咸月眞綺とさくら怜音のリレー式SSです。ひたすらノリと会話の勢いだけで進めた半分お遊びみたいなものですがどうぞ楽しんで一緒にお花見気分を満喫(!?)してください♡

挿絵(By みてみん)


散り急ぐ桜の花びらの中、それでもいちばん咲き遅れたと見られる木の下にピクニックシートを広げて、真ん中に見覚えのあるお弁当箱を置く。


「あ、ちゃんと使ってくれたんだ!」

「お前、これ使うのも今回の目的だろが」

呆れて文句とも言えない文句を述べる今西光の言葉を聞いたか聞いていないのか、置鮎りょうは目をキラキラ輝かせて『開けていい?開けていい?』とお弁当箱に手をかけながら光を見上げた。

「手、拭いてからにしろ」

ほらよ、と光はりょうにおてふきを渡す。

「はーい」

素直におてふきを受け取って手を綺麗に拭くと、りょうはお弁当箱の蓋を開けた。

途端に、

「うさぎさんリンゴー!」

と嬉しそうに叫んだかと思うとウサギ型に飾り切りされたリンゴのひとつに手を伸ばし、いきなり頭上から頭をぱぁんっ!と叩かれる。
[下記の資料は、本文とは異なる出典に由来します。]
(* Let $G=(V,E)$ be a graph, $k$ a positive integer, $C$ a minimum vertex cover of $G$, and $I=V\setminus C$. Let $D$ be a $k$-membership dominating set of $G$. Let $C_1=D\cap C$, $I_1=I\setminus (N(C_1)\cap I)$, and $R=N(C_1)\cap I\cap D$. Then $I_1\subseteq D$, and every vertex of $C\setminus (N[C_1]\cup N(I_1))$ is dominated by $R$ (i.e. has a neighbor in $R$ or belongs to $R$).
   Context: All graphs are finite, simple and undirected. For $v\in V$, $N(v)$ and $N[v]$ are the open and closed neighborhoods; for $S\subseteq V$, $N(S)=\bigcup_{u\in S}N(u)\setminus S$ and $N[S]=\bigcup_{u\in S}N[u]$. A set $S\subseteq V$ is a dominating set if every vertex lies in $S$ or has a neighbor in $S$. The membership of $u$ in $S$ is $M(u,S)=|N[u]\cap S|$. A $k$-membership dominating set is a dominating set $S$ with $M(u,S)\le k$ for all $u\in V$. *)

theory Defs
  imports Main
begin

definition graph :: "'a set \<Rightarrow> ('a \<Rightarrow> 'a \<Rightarrow> bool) \<Rightarrow> bool" where
  "graph V E \<longleftrightarrow> finite V \<and> (\<forall>u v. E u v \<longrightarrow> u \<in> V \<and> v \<in> V)
     \<and> (\<forall>u v. E u v \<longrightarrow> E v u) \<and> (\<forall>u. \<not> E u u)"

definition nbhd :: "'a set \<Rightarrow> ('a \<Rightarrow> 'a \<Rightarrow> bool) \<Rightarrow> 'a \<Rightarrow> 'a set" where
  "nbhd V E v = {u \<in> V. E v u}"

definition cnbhd :: "'a set \<Rightarrow> ('a \<Rightarrow> 'a \<Rightarrow> bool) \<Rightarrow> 'a \<Rightarrow> 'a set" where
  "cnbhd V E v = insert v (nbhd V E v)"

definition set_nbhd :: "'a set \<Rightarrow> ('a \<Rightarrow> 'a \<Rightarrow> bool) \<Rightarrow> 'a set \<Rightarrow> 'a set" where
  "set_nbhd V E S = (\<Union>u\<in>S. nbhd V E u) - S"

definition set_cnbhd :: "'a set \<Rightarrow> ('a \<Rightarrow> 'a \<Rightarrow> bool) \<Rightarrow> 'a set \<Rightarrow> 'a set" where
  "set_cnbhd V E S = (\<Union>u\<in>S. cnbhd V E u)"

definition vertex_cover :: "'a set \<Rightarrow> ('a \<Rightarrow> 'a \<Rightarrow> bool) \<Rightarrow> 'a set \<Rightarrow> bool" where
  "vertex_cover V E C \<longleftrightarrow> C \<subseteq> V \<and> (\<forall>u v. E u v \<longrightarrow> u \<in> C \<or> v \<in> C)"

definition min_vertex_cover :: "'a set \<Rightarrow> ('a \<Rightarrow> 'a \<Rightarrow> bool) \<Rightarrow> 'a set \<Rightarrow> bool" where
  "min_vertex_cover V E C \<longleftrightarrow> vertex_cover V E C \<and>
     (\<forall>C'. vertex_cover V E C' \<longrightarrow> card C \<le> card C')"

definition dominating_set :: "'a set \<Rightarrow> ('a \<Rightarrow> 'a \<Rightarrow> bool) \<Rightarrow> 'a set \<Rightarrow> bool" where
  "dominating_set V E S \<longleftrightarrow> S \<subseteq> V \<and> (\<forall>v\<in>V. v \<in> S \<or> (\<exists>u\<in>S. E v u))"

definition membership :: "'a set \<Rightarrow> ('a \<Rightarrow> 'a \<Rightarrow> bool) \<Rightarrow> 'a \<Rightarrow> 'a set \<Rightarrow> nat" where
  "membership V E u S = card (cnbhd V E u \<inter> S)"

definition k_membership_dom_set :: "'a set \<Rightarrow> ('a \<Rightarrow> 'a \<Rightarrow> bool) \<Rightarrow> nat \<Rightarrow> 'a set \<Rightarrow> bool" where
  "k_membership_dom_set V E k S \<longleftrightarrow> dominating_set V E S \<and>
     (\<forall>u\<in>V. membership V E u S \<le> k)"

definition dominated_by :: "'a set \<Rightarrow> ('a \<Rightarrow> 'a \<Rightarrow> bool) \<Rightarrow> 'a set \<Rightarrow> 'a \<Rightarrow> bool" where
  "dominated_by V E R v \<longleftrightarrow> v \<in> R \<or> (\<exists>u\<in>R. E v u)"

end

theory Submission
  imports Defs
begin

text \<open>Only two properties of the hypotheses are used: \<open>C\<close> is a vertex cover, so every
  neighbour of a vertex outside \<open>C\<close> lies in \<open>C\<close>, and \<open>D\<close> is dominating. A vertex of \<open>I\<close>
  missing from \<open>D\<close> is dominated by a vertex of \<open>C\<close>, hence of \<open>C1\<close>, so it lies in \<open>N(C1)\<close>;
  this gives \<open>I1 \<subseteq> D\<close>. A vertex \<open>v\<close> of \<open>C\<close> outside \<open>N[C1]\<close> is not in \<open>D\<close>, so it is
  dominated by some \<open>u \<in> D - C\<close>; since \<open>v \<notin> N(I1)\<close>, \<open>u\<close> is not in \<open>I1\<close>, i.e. \<open>u \<in> R\<close>.\<close>

lemma graph_edge_sym: "graph V E \<Longrightarrow> E u v \<Longrightarrow> E v u"
  unfolding graph_def by blast

lemma graph_edge_in_vertices: "graph V E \<Longrightarrow> E u v \<Longrightarrow> u \<in> V \<and> v \<in> V"
  unfolding graph_def by blast

lemma mem_set_nbhd_iff:
  "x \<in> set_nbhd V E S \<longleftrightarrow> x \<in> V \<and> x \<notin> S \<and> (\<exists>u\<in>S. E u x)"
  unfolding set_nbhd_def nbhd_def by blast

lemma mem_set_cnbhd_iff:
  "x \<in> set_cnbhd V E S \<longleftrightarrow> x \<in> S \<or> (x \<in> V \<and> (\<exists>u\<in>S. E u x))"
  unfolding set_cnbhd_def cnbhd_def nbhd_def by blast

lemma vertex_cover_nbhd_of_outside:
  "vertex_cover V E C \<Longrightarrow> v \<notin> C \<Longrightarrow> E v u \<Longrightarrow> u \<in> C"
  unfolding vertex_cover_def by blast

lemma dominating_setE:
  assumes "dominating_set V E D" and "v \<in> V" and "v \<notin> D"
  obtains u where "u \<in> D" and "E v u"
  using assms unfolding dominating_set_def by blast

lemma cover_complement_outside_nbhd_subset_dominating:
  assumes G: "graph V E" and C: "vertex_cover V E C" and D: "dominating_set V E D"
  shows "V - C - set_nbhd V E (D \<inter> C) \<subseteq> D"
proof
  fix v
  assume v: "v \<in> V - C - set_nbhd V E (D \<inter> C)"
  show "v \<in> D"
  proof (rule ccontr)
    assume "v \<notin> D"
    with D v obtain u where "u \<in> D" and vu: "E v u"
      by (auto elim: dominating_setE)
    moreover have "u \<in> C"
      using vertex_cover_nbhd_of_outside[OF C _ vu] v by blast
    ultimately have "v \<in> set_nbhd V E (D \<inter> C)"
      using v graph_edge_sym[OF G vu] by (auto simp: mem_set_nbhd_iff)
    with v show False by blast
  qed
qed

lemma cover_vertex_dominated_by_nbhd_part:
  assumes G: "graph V E" and C: "vertex_cover V E C" and D: "dominating_set V E D"
    and vC: "v \<in> C"
    and v_closed: "v \<notin> set_cnbhd V E (D \<inter> C)"
    and v_open: "v \<notin> set_nbhd V E (V - C - set_nbhd V E (D \<inter> C))"
  shows "dominated_by V E (set_nbhd V E (D \<inter> C) \<inter> (V - C) \<inter> D) v"
proof -
  have "v \<in> V" "v \<notin> D"
    using vC C v_closed by (auto simp: vertex_cover_def mem_set_cnbhd_iff)
  with D obtain u where uD: "u \<in> D" and vu: "E v u"
    by (auto elim: dominating_setE)
  have uv: "E u v"
    using graph_edge_sym[OF G vu] .
  have uV: "u \<in> V"
    using graph_edge_in_vertices[OF G vu] by blast
  have uC: "u \<notin> C"
    using v_closed uD uv \<open>v \<in> V\<close> by (auto simp: mem_set_cnbhd_iff)
  have "u \<in> set_nbhd V E (D \<inter> C)"
    using v_open uV uC uv vC \<open>v \<in> V\<close> by (auto simp: mem_set_nbhd_iff)
  with uD uV uC vu show ?thesis
    unfolding dominated_by_def by blast
qed

theorem lemma6:
  fixes V :: "'a set" and E :: "'a \<Rightarrow> 'a \<Rightarrow> bool" and k :: nat
    and C D :: "'a set"
  assumes "graph V E"
    and "k \<ge> 1"
    and "min_vertex_cover V E C"
    and "k_membership_dom_set V E k D"
  defines "I \<equiv> V - C"
  defines "C1 \<equiv> D \<inter> C"
  defines "I1 \<equiv> I - (set_nbhd V E C1 \<inter> I)"
  defines "R \<equiv> set_nbhd V E C1 \<inter> I \<inter> D"
  shows "I1 \<subseteq> D \<and>
    (\<forall>v \<in> C - (set_cnbhd V E C1 \<union> set_nbhd V E I1). dominated_by V E R v)"
proof -
  have cover: "vertex_cover V E C"
    using assms(3) unfolding min_vertex_cover_def by blast
  have dom: "dominating_set V E D"
    using assms(4) unfolding k_membership_dom_set_def by blast
  have I1_eq: "I1 = V - C - set_nbhd V E (D \<inter> C)"
    unfolding I1_def I_def C1_def by blast
  show ?thesis
    using cover_complement_outside_nbhd_subset_dominating[OF assms(1) cover dom]
      cover_vertex_dominated_by_nbhd_part[OF assms(1) cover dom]
    unfolding I1_eq R_def I_def C1_def by blast
qed

end
lemma card_ALL_set_ge: "2 ^ n \<le> card (ALL_set n L) + (n - L) * 2 ^ (n - L)"
proof -
  have sub: "ALL_set n L \<subseteq> binseqs n" unfolding ALL_set_def by auto
  have "binseqs n - ALL_set n L \<subseteq> (\<Union>i\<in>{1..n - L}. {x \<in> binseqs n. alternating_block x i (i + L)})"
  proof
    fix x assume x: "x \<in> binseqs n - ALL_set n L"
    then obtain i j where "1 \<le> i" "i \<le> j" "j \<le> n" "alternating_block x i j" "L < j - i + 1"
      unfolding ALL_set_def by auto
    then have "i \<in> {1..n - L}" "alternating_block x i (i + L)"
      unfolding alternating_block_def by auto
    then show "x \<in> (\<Union>i\<in>{1..n - L}. {x \<in> binseqs n. alternating_block x i (i + L)})"
      using x by blast
  qed
  then have "card (binseqs n - ALL_set n L)
      \<le> card (\<Union>i\<in>{1..n - L}. {x \<in> binseqs n. alternating_block x i (i + L)})"
    by (rule card_mono[rotated]) (simp add: finite_binseqs)
  also have "\<dots> \<le> (\<Sum>i\<in>{1..n - L}. card {x \<in> binseqs n. alternating_block x i (i + L)})"
    by (rule card_UN_le) simp
  also have "\<dots> \<le> (\<Sum>i\<in>{1..n - L}. 2 ^ (n - L))"
    by (rule sum_mono) (rule card_alternating_block_le, auto)
  finally have "card (binseqs n - ALL_set n L) \<le> (n - L) * 2 ^ (n - L)" by simp
  moreover have "card (binseqs n) = card (ALL_set n L) + card (binseqs n - ALL_set n L)"
    using sub finite_binseqs by (metis card_Diff_subset card_mono finite_subset le_add_diff_inverse)
  ultimately show ?thesis unfolding card_binseqs by linarith
qed

lemma card_ALL_set_ge_real: "2 ^ n * (1 - real n / 2 ^ L) \<le> real (card (ALL_set n L))"
proof -
  have "real (n - L) * 2 ^ (n - L) \<le> real n * 2 ^ n / 2 ^ L"
  proof (cases "L \<le> n")
    case True
    then have "(2::real) ^ (n - L) = 2 ^ n / 2 ^ L" by (simp add: power_diff)
    then show ?thesis by (simp add: divide_right_mono mult_right_mono)
  qed simp
  moreover have "(2::real) ^ n \<le> real (card (ALL_set n L)) + real (n - L) * 2 ^ (n - L)"
    using of_nat_mono[OF card_ALL_set_ge[of n L], where 'a = real] by simp
  ultimately show ?thesis by (simp add: algebra_simps)
qed

lemma card_UN_le_card_mult:
  assumes "finite I" "I \<noteq> {}"
  obtains i where "i \<in> I" "card (\<Union>i\<in>I. A i) \<le> card I * card (A i)"
proof -
  have "Max ((\<lambda>j. card (A j)) ` I) \<in> (\<lambda>j. card (A j)) ` I"
    using assms by (intro Max_in) auto
  then obtain i where "i \<in> I" "card (A i) = Max ((\<lambda>j. card (A j)) ` I)" by auto
  then have i: "i \<in> I" "\<And>j. j \<in> I \<Longrightarrow> card (A j) \<le> card (A i)"
    using assms(1) by auto
  have "card (\<Union>i\<in>I. A i) \<le> (\<Sum>j\<in>I. card (A j))" by (rule card_UN_le[OF assms(1)])
  also have "\<dots> \<le> card I * card (A i)"
    using sum_bounded_above[of I "\<lambda>j. card (A j)" "card (A i)"] i(2) by simp
  finally show thesis using that i(1) by blast
qed

lemma ALL_set_subset_UN_code:
  assumes "0 < Pn n"
  shows "ALL_set n ((Pn n - 1) div 2) \<subseteq> (\<Union>a\<in>{0..2::nat} \<times> {0..<Pn n}. code n (fst a) (snd a))"
proof
  fix x assume x: "x \<in> ALL_set n ((Pn n - 1) div 2)"
  define z where "z = indicator_seq n x"
  have "x \<in> code n (VT 0 n z mod 3) (VT 1 n z mod Pn n)"
    using x indicator_seq_in_binseqs unfolding code_def Cprime_def z_def by auto
  moreover have "(VT 0 n z mod 3, VT 1 n z mod Pn n) \<in> {0..2::nat} \<times> {0..<Pn n}" using assms by auto
  ultimately show "x \<in> (\<Union>a\<in>{0..2::nat} \<times> {0..<Pn n}. code n (fst a) (snd a))" by force
qed

lemma exists_large_code:
  assumes "0 < Pn n"
  obtains a0 a1 where "a0 \<le> 2" "a1 \<le> Pn n - 1"
    "card (ALL_set n ((Pn n - 1) div 2)) \<le> 3 * Pn n * card (code n a0 a1)"
proof -
  let ?I = "{0..2::nat} \<times> {0..<Pn n}"
  have "finite (\<Union>a\<in>?I. code n (fst a) (snd a))"
    by (rule finite_subset[OF _ finite_binseqs]) (auto simp: code_def ALL_set_def)
  then have "card (ALL_set n ((Pn n - 1) div 2)) \<le> card (\<Union>a\<in>?I. code n (fst a) (snd a))"
    using ALL_set_subset_UN_code[OF assms] by (rule card_mono)
  moreover obtain a where "a \<in> ?I"
    "card (\<Union>a\<in>?I. code n (fst a) (snd a)) \<le> card ?I * card (code n (fst a) (snd a))"
    using card_UN_le_card_mult[of ?I "\<lambda>a. code n (fst a) (snd a)"] assms by auto
  moreover have "card ?I = 3 * Pn n" by simp
  ultimately show thesis using that[of "fst a" "snd a"] by (auto simp: mem_Times_iff)
qed

lemma redundancy_le:
  assumes "0 < c" "c \<le> real (card C)"
  shows "redundancy n C \<le> real n - log 2 c"
  using assms unfolding redundancy_def by simp

lemma log2_bounds:
  assumes "2 \<le> n"
  shows "1 \<le> log 2 (real n)" and "0 \<le> log 2 (log 2 (real n))"
  using assms by simp_all

lemma Pn_eq:
  assumes "2 \<le> n"
  shows "Pn n = 2 * nat \<lceil>log 2 n + log 2 (log 2 n)\<rceil> + 1"
proof -
  have "0 \<le> log 2 n + log 2 (log 2 n)" using log2_bounds[OF assms] by linarith
  then have "0 \<le> \<lceil>log 2 n + log 2 (log 2 n)\<rceil>" by simp
  then show ?thesis unfolding Pn_def by (simp add: nat_add_distrib nat_mult_distrib)
qed

lemma Pn_le:
  assumes "2 \<le> n"
  shows "real (Pn n) \<le> 2 * (log 2 n + log 2 (log 2 n)) + 3"
proof -
  have "0 \<le> log 2 n + log 2 (log 2 n)" using log2_bounds[OF assms] by linarith
  then have "0 \<le> \<lceil>log 2 n + log 2 (log 2 n)\<rceil>" by simp
  then have "real (Pn n) = 2 * real_of_int \<lceil>log 2 n + log 2 (log 2 n)\<rceil> + 1"
    unfolding Pn_eq[OF assms] by simp
  then show ?thesis
    using of_int_ceiling_le_add_one[of "log 2 n + log 2 (log 2 n)"] by argo
qed

lemma n_log_le_two_pow_half_Pn:
  assumes "2 \<le> n"
  shows "real n * log 2 n \<le> 2 ^ ((Pn n - 1) div 2)"
proof -
  define c where "c = \<lceil>log 2 n + log 2 (log 2 n)\<rceil>"
  have "0 \<le> log 2 n + log 2 (log 2 n)" using log2_bounds[OF assms] by linarith
  then have "0 \<le> c" unfolding c_def by simp
  have "real n * log 2 n = 2 powr (log 2 n + log 2 (log 2 n))"
    using log2_bounds[OF assms] assms by (simp add: powr_add)
  also have "\<dots> \<le> 2 powr real (nat c)"
    using \<open>0 \<le> c\<close> unfolding c_def by (intro powr_mono) auto
  also have "\<dots> = 2 ^ ((Pn n - 1) div 2)"
    unfolding Pn_eq[OF assms] c_def[symmetric] by (simp add: powr_realpow)
  finally show ?thesis .
qed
「真っ先にデザートに手を伸ばしてんじゃねーよ、ガキ!」

「何よ、そんなのりょうの自由じゃん!」

「弁当のルールは知らねぇけど、食いもんは野菜から食うって決まってんだよ!」

「やだ!お野菜よりうさぎさんがいいもん!」

「このクソガキ……じゃねぇな、エロガキが!」

「なにそれっ、エロでもガキでもないもんっ!」

「自覚ねぇのかよ、お前も!ミノルとやることやったくせに!」

「や……っ!」

そのままの勢いで光に言い返そうとしていたりょうは、流石に言われた言葉の内容に口を開けたまま固まってしまった。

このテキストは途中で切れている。